Before I moved to New York from Minnesota, I could go into almost any Twin Cities liquor store and see at least three aquavit brands: one Danish, one Norwegian, and one Swedish. If it was a well stocked shop, there might be a two kinds of the Danish brand Aalborg and two or three Swedish brands. One of those Swedish aquavit brands was O.P. Anderson. In New York, I was pleased to find much the same situation at Astor Wines & Spirits. They stocked just about everything that a good Twin Cities shop had and even labeled a whole shelf section Aquavit, right between Vodka and Gin.
I was reminded of O.P. Anderson when a friend mentioned he’d seen a couple of old bottles in a Minneapolis liquor store. “Buy them!” I said (he did, and at a mere $20 each after tax). They must have been sitting there since 2007. So what happened?
This is a long story, so before I get into the details, I’ll summarize it: O.P. Anderson was owned by the Swedish liquor company that owned Absolut and has changed hands a couple of times. It’s now owned by Altia, a Finnish company.
Now the details: In March 2008, liquor giant Pernod Ricard bought Absolut Vodka’s parent company, Vin & Sprit AB (V&S), for $8.34 billion. Pernod was battling rivals Diageo (the biggest liquor giant of all dropped out when it formed a partnership with Ketel One), Bacardi, and Beam Global for Absolut. The deal closed in July 2008. Pernod Ricard then divided the Sweden-based V&S business into two units, one for Absolut and one called Pernod Ricard Nordic for all the local Scandinavian brands. Two of those brands were O.P. Anderson and Skåne Akvavit.

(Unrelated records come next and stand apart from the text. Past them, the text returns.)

text \<open>Compactness: centre the paths of length \<open>2N\<close> at the origin; a cluster function of
  them agrees on each finite window with arbitrarily long centred paths.\<close>
lemma bi_infinite_path_of_snake_paths:
  assumes "\<And>N. \<exists>q. length q = N \<and> snake_path G gens E q"
  obtains g :: "int \<Rightarrow> nat \<times> nat \<times> nat"
  where "\<And>x m. snake_path G gens E (map (\<lambda>t. g (x + int t)) [0..<m])"
proof -
  obtain Q where Q: "\<And>N. length (Q N) = N" "\<And>N. snake_path G gens E (Q N)"
    using assms by metis
  define f where "f N x = (if - int N \<le> x \<and> x < int N then Q (2 * N) ! nat (x + int N) else undefined)"
    for N x
  have "f N x \<in> insert undefined (set E)" for N x
  proof (cases "- int N \<le> x \<and> x < int N")
    case True
    then have "Q (2 * N) ! nat (x + int N) \<in> set (Q (2 * N))" using Q(1) by (intro nth_mem) auto
    moreover have "set (Q (2 * N)) \<subseteq> set E" using Q(2) by (simp add: snake_path_def)
    ultimately show ?thesis using True by (auto simp: f_def)
  qed (auto simp: f_def)
  then obtain g where g: "\<And>F. finite F \<Longrightarrow> infinite {N. \<forall>x\<in>F. g x = f N x}"
    using finite_valued_cluster[of f] by blast
  have "snake_path G gens E (map (\<lambda>t. g (x + int t)) [0..<m])" for x m
  proof -
    have "infinite {N. \<forall>y\<in>(\<lambda>t. x + int t) ` {..<m}. g y = f N y}" by (rule g) simp
    then obtain N where N: "nat \<bar>x\<bar> + m \<le> N" "\<forall>y\<in>(\<lambda>t. x + int t) ` {..<m}. g y = f N y"
      unfolding infinite_nat_iff_unbounded_le by blast
    define a where "a = nat (x + int N)"
    have "g (x + int t) = Q (2 * N) ! (a + t)" if "t < m" for t
    proof -
      have "- int N \<le> x + int t \<and> x + int t < int N" using N(1) that by linarith
      moreover have "nat (x + int t + int N) = a + t" using N(1) unfolding a_def by arith
      ultimately show ?thesis using N(2) that by (simp add: f_def)
    qed
    then have window: "map (\<lambda>t. g (x + int t)) [0..<m] = map (\<lambda>t. Q (2 * N) ! (a + t)) [0..<m]"
      by (intro map_cong) auto
    have "a + m \<le> length (Q (2 * N))" using N(1) unfolding Q(1) a_def by arith
    then show ?thesis unfolding window by (rule snake_path_window[OF Q(2)])
  qed
  then show ?thesis by (rule that)
qed

lemma snake_of_bi_infinite_path:
  fixes G (structure)
  assumes "group G" and gens: "set gens \<subseteq> carrier G"
    and E: "\<forall>e\<in>set E. edge_src e \<in> A \<and> letter_ok gens (edge_label e)"
    and g: "\<And>x m. snake_path G gens E (map (\<lambda>t. g (x + int t)) [0..<m])"
  shows "\<exists>\<omega> \<zeta>. bi_infinite_snake G (set gens) A (letter_edges G gens E) \<omega> \<zeta>"
proof -
  interpret group G by fact
  have g_edge: "g x \<in> set E" for x
    using g[of x 1] by (simp add: snake_path_def)
  have g_chain: "edge_tgt (g x) = edge_src (g (x + 1))" for x
    using g[of x 2] by (simp add: snake_path_def)
  have g_word: "word_val G gens (map (\<lambda>t. edge_label (g (x + int t))) [0..<m]) \<noteq> \<one>"
    if "0 < m" for x m
  proof -
    have "word_val G gens (map (\<lambda>t. edge_label (map (\<lambda>t. g (x + int t)) [0..<m] ! t)) [0..<m]) \<noteq> \<one>"
      using g[of x m] that unfolding snake_path_def by simp
    moreover have "map (\<lambda>t. edge_label (map (\<lambda>t. g (x + int t)) [0..<m] ! t)) [0..<m]
        = map (\<lambda>t. edge_label (g (x + int t))) [0..<m]"
      by simp
    ultimately show ?thesis by metis
  qed
  define d where "d x = letter_val G gens (edge_label (g x))" for x
  have d_closed: "d x \<in> carrier G" for x
    using E g_edge letter_val_closed[OF gens] by (simp add: d_def)
  obtain \<omega> where \<omega>_closed: "\<And>x. \<omega> x \<in> carrier G"
    and \<omega>_step: "\<And>x. inv (\<omega> x) \<otimes> \<omega> (x + 1) = d x"
    using exists_walk_with_steps[of d, OF d_closed] by blast
  have "inj \<omega>"
    using \<omega>_closed \<omega>_step[unfolded d_def, symmetric] g_word by (rule inj_walk_if_factors_nontrivial)
  moreover have "(edge_src (g i), edge_src (g (i + 1)), inv (\<omega> i) \<otimes> \<omega> (i + 1)) \<in> letter_edges G gens E"
    for i
  proof -
    have "(edge_src (g i), edge_src (g (i + 1)), inv (\<omega> i) \<otimes> \<omega> (i + 1))
        = (\<lambda>(a, a', l). (a, a', letter_val G gens l)) (g i)"
      using g_chain[of i] by (simp add: \<omega>_step d_def case_prod_unfold)
    then show ?thesis using g_edge[of i] by (simp add: letter_edges_def)
  qed
  moreover have "inv (\<omega> i) \<otimes> \<omega> (i + 1) \<in> set gens \<union> (\<lambda>x. inv x) ` set gens" for i
    using E g_edge[of i] letter_val_in_letters by (simp add: \<omega>_step d_def)
  ultimately have "bi_infinite_snake G (set gens) A (letter_edges G gens E) \<omega> (\<lambda>i. edge_src (g i))"
    using \<omega>_closed E g_edge by (simp add: bi_infinite_snake_def)
  then show ?thesis by blast
qed

theorem snake_exists_iff_snake_paths:
  assumes "group G" and "set gens \<subseteq> carrier G"
    and "\<forall>e\<in>set E. edge_src e \<in> A \<and> letter_ok gens (edge_label e)"
  shows "(\<exists>\<omega> \<zeta>. bi_infinite_snake G (set gens) A (letter_edges G gens E) \<omega> \<zeta>)
     \<longleftrightarrow> (\<forall>N. \<exists>q. length q = N \<and> snake_path G gens E q)"
proof
  assume "\<exists>\<omega> \<zeta>. bi_infinite_snake G (set gens) A (letter_edges G gens E) \<omega> \<zeta>"
  then show "\<forall>N. \<exists>q. length q = N \<and> snake_path G gens E q"
    using snake_path_of_snake[OF assms(1)] by blast
next
  assume "\<forall>N. \<exists>q. length q = N \<and> snake_path G gens E q"
  then obtain g where "\<And>x m. snake_path G gens E (map (\<lambda>t. g (x + int t)) [0..<m])"
    using bi_infinite_path_of_snake_paths by blast
  then show "\<exists>\<omega> \<zeta>. bi_infinite_snake G (set gens) A (letter_edges G gens E) \<omega> \<zeta>"
    by (rule snake_of_bi_infinite_path[OF assms])
qed

lemma word_val_pair:
  assumes "group G" "set gens \<subseteq> carrier G" "letter_ok gens l" "letter_ok gens l'"
  shows "word_val G gens [l', l] = \<one>\<^bsub>G\<^esub> \<longleftrightarrow> letter_val G gens l' = inv\<^bsub>G\<^esub> (letter_val G gens l)"
proof -
  interpret group G by fact
  have "letter_val G gens l \<in> carrier G" "letter_val G gens l' \<in> carrier G"
    using assms letter_val_closed by auto
  then show ?thesis
    by (auto simp: word_val_def inv_equality intro: r_inv)
qed

lemma is_tileset_graph_letter_edges_iff:
  fixes G (structure)
  assumes "group G" "set gens \<subseteq> carrier G" and E: "\<forall>e\<in>set E. letter_ok gens (edge_label e)"
  shows "is_tileset_graph G (set gens) {0..<n} (letter_edges G gens E) \<longleftrightarrow>
    (\<forall>e\<in>set E. edge_src e < n \<and> edge_tgt e < n \<and>
       (\<exists>e'\<in>set E. edge_src e' = edge_tgt e \<and> edge_tgt e' = edge_src e \<and>
          word_val G gens [edge_label e', edge_label e] = \<one>\<^bsub>G\<^esub>))"
proof -
  interpret group G by fact
  have letters: "letter_val G gens (edge_label e) \<in> set gens \<union> (\<lambda>x. inv x) ` set gens"
    if "e \<in> set E" for e
    using E that letter_val_in_letters by blast
  have reverse: "(edge_tgt e, edge_src e, inv (letter_val G gens (edge_label e))) \<in> letter_edges G gens E
      \<longleftrightarrow> (\<exists>e'\<in>set E. edge_src e' = edge_tgt e \<and> edge_tgt e' = edge_src e \<and>
            word_val G gens [edge_label e', edge_label e] = \<one>)"
    if "e \<in> set E" for e
    using that E word_val_pair[OF assms(1,2)] by (force simp: letter_edges_def)
  show ?thesis
    unfolding is_tileset_graph_def letter_edges_def
    using letters reverse[unfolded letter_edges_def] by (fastforce simp: case_prod_unfold)
qed

section \<open>Coded tileset graphs\<close>

definition decode_edge :: "nat \<Rightarrow> nat \<times> nat \<times> nat" where
  "decode_edge e = (fst (prod_decode e), prod_decode (snd (prod_decode e)))"

definition code_edge :: "nat \<Rightarrow> nat \<Rightarrow> nat \<times> nat \<times> nat" where
  "code_edge c x = decode_edge (code_nth c (Suc x))"

lemma code_edges_eq: "code_edges c = map decode_edge (tl (list_decode c))"
  by (simp add: code_edges_def decode_edge_def split: list.split)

It was around this time—2008—that O.P. Anderson disappeared from American shelves. It’s a safe bet that Absolut, er, Pernod Ricard Nordic, decided to save money by halting the importation of its smaller Swedish brands to the U.S.
I reached out to Altia to see if they had any plans to bring O.P. Anderson back and got a reply from Mats Nilsson, their commercial director for travel, retail and export.
“The reason that export didn’t continue was simply [because volume was too low] and not really worth it,” he said in an e-mail. “For us to re-launch O.P. Anderson in the U.S. again we would have [to have] a plan of volume and investment where we can see that there is a good opportunity.”
That makes sense, but I would argue that now there is a good opportunity. Think about this: there are currently more American aquavit brands in the U.S. market than there are Scandinavian ones:
- Krogstad from Portland, Oregon
- North Shore from Chicago
- Gamle Ode from Minneapolis
- Sound Spirits from Seattle
And at least two of those, Krogstad and Gamle Ode, believe in the market enough to launch more than one style of aquavit.
For imports, we have only Linie and Aalborg left in the market. It makes one wonder how much of the surge in American aquavits had to do with the disappearance of Scandinavian brands. And how much potential O.P. Anderson and others might have in re-entering the U.S. market.
On a related note, those Swedish brands weren’t the only ones Pernod Ricard got in the V&S deal. Aalborg, the Danish brand, was also part of it. In the middle of last year, Pernod Ricard announced that it was selling off more Nordic brands, this time to Arcus Gruppen, the Norwegian liquor company that owns Linie Aquavit. The $126 million deal included Aalborg and another Danish aquavit brand, Brøndums, along with the Danish bitter Gammel Dansk and a German aquavit brand called Malteserkreuz.